Tennessee homeless programs are located at all VA medical centers and provide varying degrees of service.  Each facility provides outreach that includes physical and psychiatric health exams, treatments, referrals and ongoing case management.  Each medical center has participated in the Homeless Providers Grant and Per Diem Program, which provides emergency and transitional beds for homeless veterans through community, state and local organizations.

The Memphis medical center has three community-based facilities under the Homeless Providers Grant and Per Diem Program, which offer 112 beds to homeless veterans.

The Mountain Home medical center has an inpatient homeless program providing evaluation and treatment while veterans are in a residential setting and also a homeless outreach program with offices in Johnson City and Knoxville.

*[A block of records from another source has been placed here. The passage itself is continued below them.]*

(* Let $2\le k\le d$ and let $P\subset\mathbb{R}^d$ be a finite point set with properties $a_1,\dots,a_k\colon P\to\{-1,1\}$, each strictly linearly separable on $P$, such that all $2^k$ possible labels occur in $P$. For $i=2,\dots,k$ let $H_i$ be a hyperplane strictly separating $P^i_-$ from $P^i_+$, with normal vector $v_i$. Assume general position in the following sense: $v_2,\dots,v_k$ are linearly independent; any at most $d+1$ points of $P$ are affinely independent; and, writing $T$ for the orthogonal projection of $\mathbb{R}^d$ onto $A=\mathrm{span}(v_2,\dots,v_k)$, the images under $T$ of any at most $k$ points of $P$ are affinely independent. Then there is a unit vector $w$ with $w\cdot v_i=0$ for all $i=2,\dots,k$ (a separation preserving projection) such that, after projecting along $w$, the sets $P'_-$ and $P'_+$ are not strictly linearly separable.
   Context: For a finite $P\subset\mathbb{R}^d$ with properties $a_i\colon P\to\{-1,1\}$, write $P^i_{\pm}=\{p\in P: a_i(p)=\pm1\}$ and $P_\pm=P^1_\pm$. The label of $p$ is $(a_1(p),\dots,a_k(p))$. Projection along a unit vector $w$: $p'=p-(p\cdot w)w\in w^\perp$; $X'$ is the image of $X$. Two finite sets $X,Y$ in a linear subspace $L$ are strictly linearly separable (in $L$) if there exist a unit $v\in L$ and $c$ with $v\cdot x<c<v\cdot y$ for all $x\in X,y\in Y$; for projected sets $L=w^\perp$. A property $a_i$ is strictly linearly separable on $P$ if $P^i_-$ and $P^i_+$ are. A projection along $w$ is called separation preserving (with respect to the fixed hyperplanes $H_2,\dots,H_k$) if $w$ is orthogonal to all normals $v_2,\dots,v_k$. *)

theory Defs
  imports "HOL-Analysis.Analysis"
begin

definition proj_along :: "'a::euclidean_space \<Rightarrow> 'a \<Rightarrow> 'a" where
  "proj_along w p = p - (p \<bullet> w) *\<^sub>R w"

definition strictly_lin_sep_in :: "'a::euclidean_space set \<Rightarrow> 'a set \<Rightarrow> 'a set \<Rightarrow> bool" where
  "strictly_lin_sep_in L X Y \<longleftrightarrow>
     (\<exists>v c. v \<in> L \<and> norm v = 1 \<and> (\<forall>x\<in>X. v \<bullet> x < c) \<and> (\<forall>y\<in>Y. c < v \<bullet> y))"

definition orth_proj_span :: "'a::euclidean_space set \<Rightarrow> 'a \<Rightarrow> 'a" where
  "orth_proj_span V x = (THE y. y \<in> span V \<and> (\<forall>z\<in>span V. (x - y) \<bullet> z = 0))"

end

theory Submission
  imports Defs
begin

text \<open>Let K = conv P_- - conv P_+ and let N be the orthogonal complement of
A = span(v_2, ..., v_k). If K meets N in z, then z is nonzero (a_1 is separable), orthogonal to
every v_i, and after projecting along z a point of conv P_- coincides with a point of conv P_+,
so the projected classes cannot be separated. Otherwise 0 is not in the closed convex set K + N,
and a functional u separating it from 0 must vanish on N, i.e. u = sum lambda_i v_i lies in A.\<close>

lemma strict_sep_convex_hulls:
  fixes u :: "'a::euclidean_space"
  assumes "\<forall>x\<in>X. u \<bullet> x < e" "\<forall>y\<in>Y. e < u \<bullet> y"
    and "x \<in> convex hull X" "y \<in> convex hull Y"
  shows "u \<bullet> x < u \<bullet> y"
proof -
  have "convex hull X \<subseteq> {x. u \<bullet> x < e}"
    by (rule hull_minimal) (use assms(1) convex_halfspace_lt in auto)
  moreover have "convex hull Y \<subseteq> {y. e < u \<bullet> y}"
    by (rule hull_minimal) (use assms(2) convex_halfspace_gt in auto)
  ultimately show ?thesis
    using assms(3,4) by fastforce
qed

lemma inner_proj_along_orthogonal:
  assumes "u \<bullet> w = 0"
  shows "u \<bullet> proj_along w p = u \<bullet> p"
  using assms by (simp add: proj_along_def inner_diff_right inner_commute)

lemma not_strictly_lin_sep_proj_along:
  assumes "x \<in> convex hull X" "y \<in> convex hull Y" "x - y = t *\<^sub>R w"
  shows "\<not> strictly_lin_sep_in {z. z \<bullet> w = 0} (proj_along w ` X) (proj_along w ` Y)"
proof
  assume "strictly_lin_sep_in {z. z \<bullet> w = 0} (proj_along w ` X) (proj_along w ` Y)"
  then obtain u e where u: "u \<bullet> w = 0"
      and "\<forall>x\<in>proj_along w ` X. u \<bullet> x < e" "\<forall>y\<in>proj_along w ` Y. e < u \<bullet> y"
    unfolding strictly_lin_sep_in_def by auto
  then have "\<forall>x\<in>X. u \<bullet> x < e" "\<forall>y\<in>Y. e < u \<bullet> y"
    by (auto simp: inner_proj_along_orthogonal)
  then have "u \<bullet> (x - y) < 0"
    using strict_sep_convex_hulls assms(1,2) by (fastforce simp: inner_diff_right)
  moreover have "u \<bullet> (x - y) = 0"
    using u by (simp add: assms(3))
  ultimately show False
    by simp
qed

lemma orthogonal_comp_if_bounded_below_on_translate:
  assumes "subspace N" "\<forall>n\<in>N. b < u \<bullet> (z + n)"
  shows "u \<in> N\<^sup>\<bottom>"
  unfolding orthogonal_comp_def orthogonal_def
proof (intro CollectI ballI)
  fix n
  assume "n \<in> N"
  show "n \<bullet> u = 0"
  proof (rule ccontr)
    assume "n \<bullet> u \<noteq> 0"
    define t where "t = (b - u \<bullet> z) / (u \<bullet> n)"
    have "t *\<^sub>R n \<in> N"
      using assms(1) \<open>n \<in> N\<close> by (simp add: subspace_scale)
    then have "b < u \<bullet> (z + t *\<^sub>R n)"
      using assms(2) by blast
    moreover have "u \<bullet> (z + t *\<^sub>R n) = b"
      using \<open>n \<bullet> u \<noteq> 0\<close> by (simp add: t_def inner_add_right inner_commute)
    ultimately show False
      by simp
  qed
qed

lemma convex_hull_differences_meet_subspace_or_separated:
  fixes X Y :: "'a::euclidean_space set"
  assumes "compact X" "compact Y" "X \<noteq> {}" "Y \<noteq> {}" "subspace N"
  obtains x y where "x \<in> convex hull X" "y \<in> convex hull Y" "x - y \<in> N"
  | u where "u \<in> N\<^sup>\<bottom>" "\<forall>x\<in>X. \<forall>y\<in>Y. u \<bullet> y < u \<bullet> x"
proof -
  define K where "K = (\<Union>x\<in>convex hull X. \<Union>y\<in>convex hull Y. {x - y})"
  define B where "B = (\<Union>z\<in>K. \<Union>n\<in>N. {z + n})"
  have diff_plus_in_B: "x - y + n \<in> B" if "x \<in> X" "y \<in> Y" "n \<in> N" for x y n
  proof -
    have "x - y \<in> K"
      unfolding K_def using that(1,2) hull_subset[of X] hull_subset[of Y] by blast
    then show ?thesis
      unfolding B_def using that(3) by blast
  qed
  show thesis
  proof (cases "0 \<in> B")
    case True
    then obtain x y n where "x \<in> convex hull X" "y \<in> convex hull Y" "n \<in> N" "0 = x - y + n"
      unfolding B_def K_def by blast
    moreover from calculation have "x - y \<in> N"
      using assms(5) by (metis add_eq_0_iff subspace_neg eq_neg_iff_add_eq_0)
    ultimately show thesis
      using that(1) by blast
  next
    case False
    have "compact K"
      unfolding K_def using assms(1,2) by (intro compact_differences' compact_convex_hull)
    then have "closed B"
      unfolding B_def by (rule compact_closed_sums[OF _ closed_subspace[OF assms(5)]])
    moreover have "convex B"
      unfolding B_def K_def
      by (intro convex_sums convex_differences convex_convex_hull subspace_imp_convex assms(5))
    ultimately obtain u b where "0 < b" and u: "\<forall>z\<in>B. b < u \<bullet> z"
      using separating_hyperplane_closed_0 False by blast
    obtain x0 y0 where "x0 \<in> X" "y0 \<in> Y"
      using assms(3,4) by blast
    have "\<forall>n\<in>N. b < u \<bullet> (x0 - y0 + n)"
      using u diff_plus_in_B[OF \<open>x0 \<in> X\<close> \<open>y0 \<in> Y\<close>] by blast
    then have "u \<in> N\<^sup>\<bottom>"
      by (rule orthogonal_comp_if_bounded_below_on_translate[OF assms(5)])
    moreover have "u \<bullet> y < u \<bullet> x" if "x \<in> X" "y \<in> Y" for x y
    proof -
      have "b < u \<bullet> (x - y + 0)"
        using u diff_plus_in_B[OF that subspace_0[OF assms(5)]] by blast
      then show ?thesis
        using \<open>0 < b\<close> by (simp add: inner_diff_right)
    qed
    ultimately show thesis
      using that(2) by blast
  qed
qed

lemma span_image_sum_representation:
  assumes "finite I" "inj_on v I" "u \<in> span (v ` I)"
  obtains lam where "u = (\<Sum>i\<in>I. lam i *\<^sub>R v i)"
proof -
  obtain f where "u = (\<Sum>x\<in>v ` I. f x *\<^sub>R x)"
    using assms(1,3) span_finite[of "v ` I"] by auto
  then have "u = (\<Sum>i\<in>I. f (v i) *\<^sub>R v i)"
    using assms(2) by (simp add: sum.reindex)
  then show thesis
    by (rule that)
qed

lemma inner_sum_le_if_labels_against_signs:
  fixes a :: "'i \<Rightarrow> 'a::real_inner \<Rightarrow> int" and lam :: "'i \<Rightarrow> real"
  assumes H: "\<forall>i\<in>I. \<forall>p\<in>P. (a i p = -1 \<longrightarrow> v i \<bullet> p < c i) \<and> (a i p = 1 \<longrightarrow> c i < v i \<bullet> p)"
    and "p \<in> P" "q \<in> P"
    and p_labels: "\<forall>i\<in>I. a i p = (if 0 \<le> lam i then -1 else 1)"
    and q_labels: "\<forall>i\<in>I. a i q = - a i p"
  shows "(\<Sum>i\<in>I. lam i *\<^sub>R v i) \<bullet> p \<le> (\<Sum>i\<in>I. lam i *\<^sub>R v i) \<bullet> q"
  unfolding inner_sum_left
proof (rule sum_mono)
  fix i
  assume "i \<in> I"
  have Hp: "(a i p = -1 \<longrightarrow> v i \<bullet> p < c i) \<and> (a i p = 1 \<longrightarrow> c i < v i \<bullet> p)"
    and Hq: "(a i q = -1 \<longrightarrow> v i \<bullet> q < c i) \<and> (a i q = 1 \<longrightarrow> c i < v i \<bullet> q)"
    using H \<open>i \<in> I\<close> \<open>p \<in> P\<close> \<open>q \<in> P\<close> by blast+
  have ap: "a i p = (if 0 \<le> lam i then -1 else 1)" and aq: "a i q = - a i p"
    using p_labels q_labels \<open>i \<in> I\<close> by blast+
  show "(lam i *\<^sub>R v i) \<bullet> p \<le> (lam i *\<^sub>R v i) \<bullet> q"
  proof (cases "0 \<le> lam i")
    case True
    then have "v i \<bullet> p \<le> v i \<bullet> q"
      using Hp Hq ap aq by simp
    then show ?thesis
      using True by (simp add: mult_left_mono)
  next
    case False
    then have "v i \<bullet> q \<le> v i \<bullet> p"
      using Hp Hq ap aq by simp
    then show ?thesis
      using False by (simp add: mult_left_mono_neg)
  qed
qed

lemma labelled_pair_not_separated_by_span:
  fixes a :: "nat \<Rightarrow> 'a::real_inner \<Rightarrow> int"
  assumes "1 \<le> k"
    and labels: "\<And>l. (\<forall>i\<in>{1..k}. l i \<in> {-1::int, 1}) \<Longrightarrow> (\<exists>p\<in>P. \<forall>i\<in>{1..k}. a i p = l i)"
    and H_sep: "\<And>i. i \<in> {2..k} \<Longrightarrow>
        (\<forall>p\<in>P. a i p = -1 \<longrightarrow> v i \<bullet> p < c i) \<and> (\<forall>p\<in>P. a i p = 1 \<longrightarrow> c i < v i \<bullet> p)"
    and "inj_on v {2..k}" "u \<in> span (v ` {2..k})"
  obtains p q where "p \<in> P" "q \<in> P" "a 1 p = -1" "a 1 q = 1" "u \<bullet> p \<le> u \<bullet> q"
proof -
  obtain lam where u: "u = (\<Sum>i\<in>{2..k}. lam i *\<^sub>R v i)"
    using span_image_sum_representation assms(4,5) by blast
  define s where "s i = (if 0 \<le> lam i then -1 else 1 :: int)" for i
  have "\<forall>i\<in>{1..k}. (if i = 1 then -1 else s i) \<in> {-1, 1}"
    by (simp add: s_def)
  then obtain p where "p \<in> P" and p_labels: "\<forall>i\<in>{1..k}. a i p = (if i = 1 then -1 else s i)"
    using labels[of "\<lambda>i. if i = 1 then -1 else s i"] by blast
  have "\<forall>i\<in>{1..k}. (if i = 1 then 1 else - s i) \<in> {-1, 1}"
    by (simp add: s_def)
  then obtain q where "q \<in> P" and q_labels: "\<forall>i\<in>{1..k}. a i q = (if i = 1 then 1 else - s i)"
    using labels[of "\<lambda>i. if i = 1 then 1 else - s i"] by blast
  have "u \<bullet> p \<le> u \<bullet> q"
    unfolding u
  proof (rule inner_sum_le_if_labels_against_signs[OF _ \<open>p \<in> P\<close> \<open>q \<in> P\<close>])
    show "\<forall>i\<in>{2..k}. \<forall>p\<in>P. (a i p = -1 \<longrightarrow> v i \<bullet> p < c i) \<and> (a i p = 1 \<longrightarrow> c i < v i \<bullet> p)"
      using H_sep by blast
    show "\<forall>i\<in>{2..k}. a i p = (if 0 \<le> lam i then -1 else 1)"
      using p_labels by (auto simp: s_def)
    show "\<forall>i\<in>{2..k}. a i q = - a i p"
      using p_labels q_labels by auto
  qed
  moreover have "a 1 p = -1" "a 1 q = 1"
    using p_labels q_labels \<open>1 \<le> k\<close> by simp_all
  ultimately show thesis
    using that \<open>p \<in> P\<close> \<open>q \<in> P\<close> by blast
qed

theorem mainTheorem3:
  fixes P :: "'a::euclidean_space set"
    and k :: nat
    and a :: "nat \<Rightarrow> 'a \<Rightarrow> int"
    and v :: "nat \<Rightarrow> 'a"
    and c :: "nat \<Rightarrow> real"
  assumes k_bounds: "2 \<le> k" "k \<le> DIM('a)"
    and finP: "finite P"
    and a_vals: "\<And>i p. i \<in> {1..k} \<Longrightarrow> p \<in> P \<Longrightarrow> a i p \<in> {-1, 1}"
    and a_sep: "\<And>i. i \<in> {1..k} \<Longrightarrow>
        strictly_lin_sep_in UNIV {p\<in>P. a i p = -1} {p\<in>P. a i p = 1}"
    and labels: "\<And>l. (\<forall>i\<in>{1..k}. l i \<in> {-1::int, 1}) \<Longrightarrow>
        (\<exists>p\<in>P. \<forall>i\<in>{1..k}. a i p = l i)"
    and H_sep: "\<And>i. i \<in> {2..k} \<Longrightarrow>
        (\<forall>p\<in>P. a i p = -1 \<longrightarrow> v i \<bullet> p < c i) \<and> (\<forall>p\<in>P. a i p = 1 \<longrightarrow> c i < v i \<bullet> p)"
    and v_indep: "inj_on v {2..k}" "independent (v ` {2..k})"
    and P_gen: "\<And>S. S \<subseteq> P \<Longrightarrow> card S \<le> DIM('a) + 1 \<Longrightarrow> \<not> affine_dependent S"
    and T_gen: "\<And>S. S \<subseteq> P \<Longrightarrow> card S \<le> k \<Longrightarrow>
        inj_on (orth_proj_span (v ` {2..k})) S \<and>
        \<not> affine_dependent (orth_proj_span (v ` {2..k}) ` S)"
  shows "\<exists>w. norm w = 1 \<and> (\<forall>i\<in>{2..k}. w \<bullet> v i = 0) \<and>
     \<not> strictly_lin_sep_in {x. x \<bullet> w = 0}
         (proj_along w ` {p\<in>P. a 1 p = -1}) (proj_along w ` {p\<in>P. a 1 p = 1})"
proof -
  define V where "V = v ` {2..k}"
  define Pm where "Pm = {p\<in>P. a 1 p = -1}"
  define Pp where "Pp = {p\<in>P. a 1 p = 1}"
  have one: "(1::nat) \<in> {1..k}"
    using k_bounds by simp
  have "Pm \<noteq> {}" "Pp \<noteq> {}"
    using labels[of "\<lambda>_. -1"] labels[of "\<lambda>_. 1"] one by (fastforce simp: Pm_def Pp_def)+
  moreover have "compact Pm" "compact Pp"
    using finP by (simp_all add: Pm_def Pp_def finite_imp_compact)
  ultimately consider x y where "x \<in> convex hull Pm" "y \<in> convex hull Pp" "x - y \<in> (span V)\<^sup>\<bottom>"
    | u where "u \<in> (span V)\<^sup>\<bottom>\<^sup>\<bottom>" "\<forall>x\<in>Pm. \<forall>y\<in>Pp. u \<bullet> y < u \<bullet> x"
    using convex_hull_differences_meet_subspace_or_separated[OF _ _ _ _ subspace_orthogonal_comp]
    by metis
  then show ?thesis
  proof cases
    case (1 x y)
    obtain u e where "\<forall>x\<in>Pm. u \<bullet> x < e" "\<forall>y\<in>Pp. e < u \<bullet> y"
      using a_sep[OF one] by (auto simp: strictly_lin_sep_in_def Pm_def Pp_def)
    then have "x \<noteq> y"
      using strict_sep_convex_hulls 1 by fastforce
    define w where "w = (x - y) /\<^sub>R norm (x - y)"
    have "norm w = 1" "x - y = norm (x - y) *\<^sub>R w"
      using \<open>x \<noteq> y\<close> by (simp_all add: w_def)
    moreover have "\<forall>i\<in>{2..k}. w \<bullet> v i = 0"
      using 1(3) span_base[of _ V]
      by (auto simp: w_def orthogonal_comp_def orthogonal_def V_def inner_commute)
    ultimately show ?thesis
      using not_strictly_lin_sep_proj_along[OF 1(1,2)] unfolding Pm_def Pp_def by blast
  next
    case (2 u)
    then have "u \<in> span V"
      by (metis orthogonal_comp_self subspace_span)
    moreover have "1 \<le> k"
      using k_bounds by simp
    ultimately obtain p q where "p \<in> P" "q \<in> P" "a 1 p = -1" "a 1 q = 1" and "u \<bullet> p \<le> u \<bullet> q"
      using labelled_pair_not_separated_by_span[OF _ labels H_sep v_indep(1)] unfolding V_def by blast
    moreover from calculation have "u \<bullet> q < u \<bullet> p"
      using 2(2) unfolding Pm_def Pp_def by blast
    ultimately show ?thesis
      by simp
  qed
qed

end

The Nashville medical center developed a transitional living residence for women in conjunction with Operation Stand Down Nashville, Inc., to assist them in transitioning back into the community as productive citizens.  Facilities are also active with local homeless shelters and community action groups that work together to provide services for homeless clients.

  • Memorial Affairs:  Most men and women who have been in the military are eligible for burial in a national cemetery, as are their dependent children and usually their spouses.  VA manages the country’s network of national cemeteries with more than 2.9 million gravesites at 125 national cemeteries in 39 states and Puerto Rico, as well as in 33 soldier’s lots and monument sites.  In 2007, more than 100,000 veterans and dependents were buried in VA's national cemeteries.  Additionally, VA provided more than 359,000 headstones and markers and 423,000 Presidential Memorial Certificates to the loved ones of deceased veterans.  VA-assisted state veterans cemeteries provided more than 23,000 interments.

VA has five national cemeteries in Tennessee. Chattanooga National Cemetery had 999 burials in 2006 and Mountain Home National Cemetery had 361.  Three other national cemeteries bury eligible family members and cremation remains.  The Knoxville cemetery had 26 burials, the Memphis cemetery 158 and the Nashville cemetery 186.  In addition, three state veterans cemeteries have received VA grants.  The East Tennessee Veterans Cemetery in Knoxville had 321 burials; the West Tennessee Veterans Cemetery in Memphis had 907; and the Middle Tennessee Veterans Cemetery in Nashville had 485.  VA provided more than 10,000 headstones and markers for the graves of veterans in Tennessee and 4,629 Presidential Memorial Certificates for Tennessee survivors of veterans.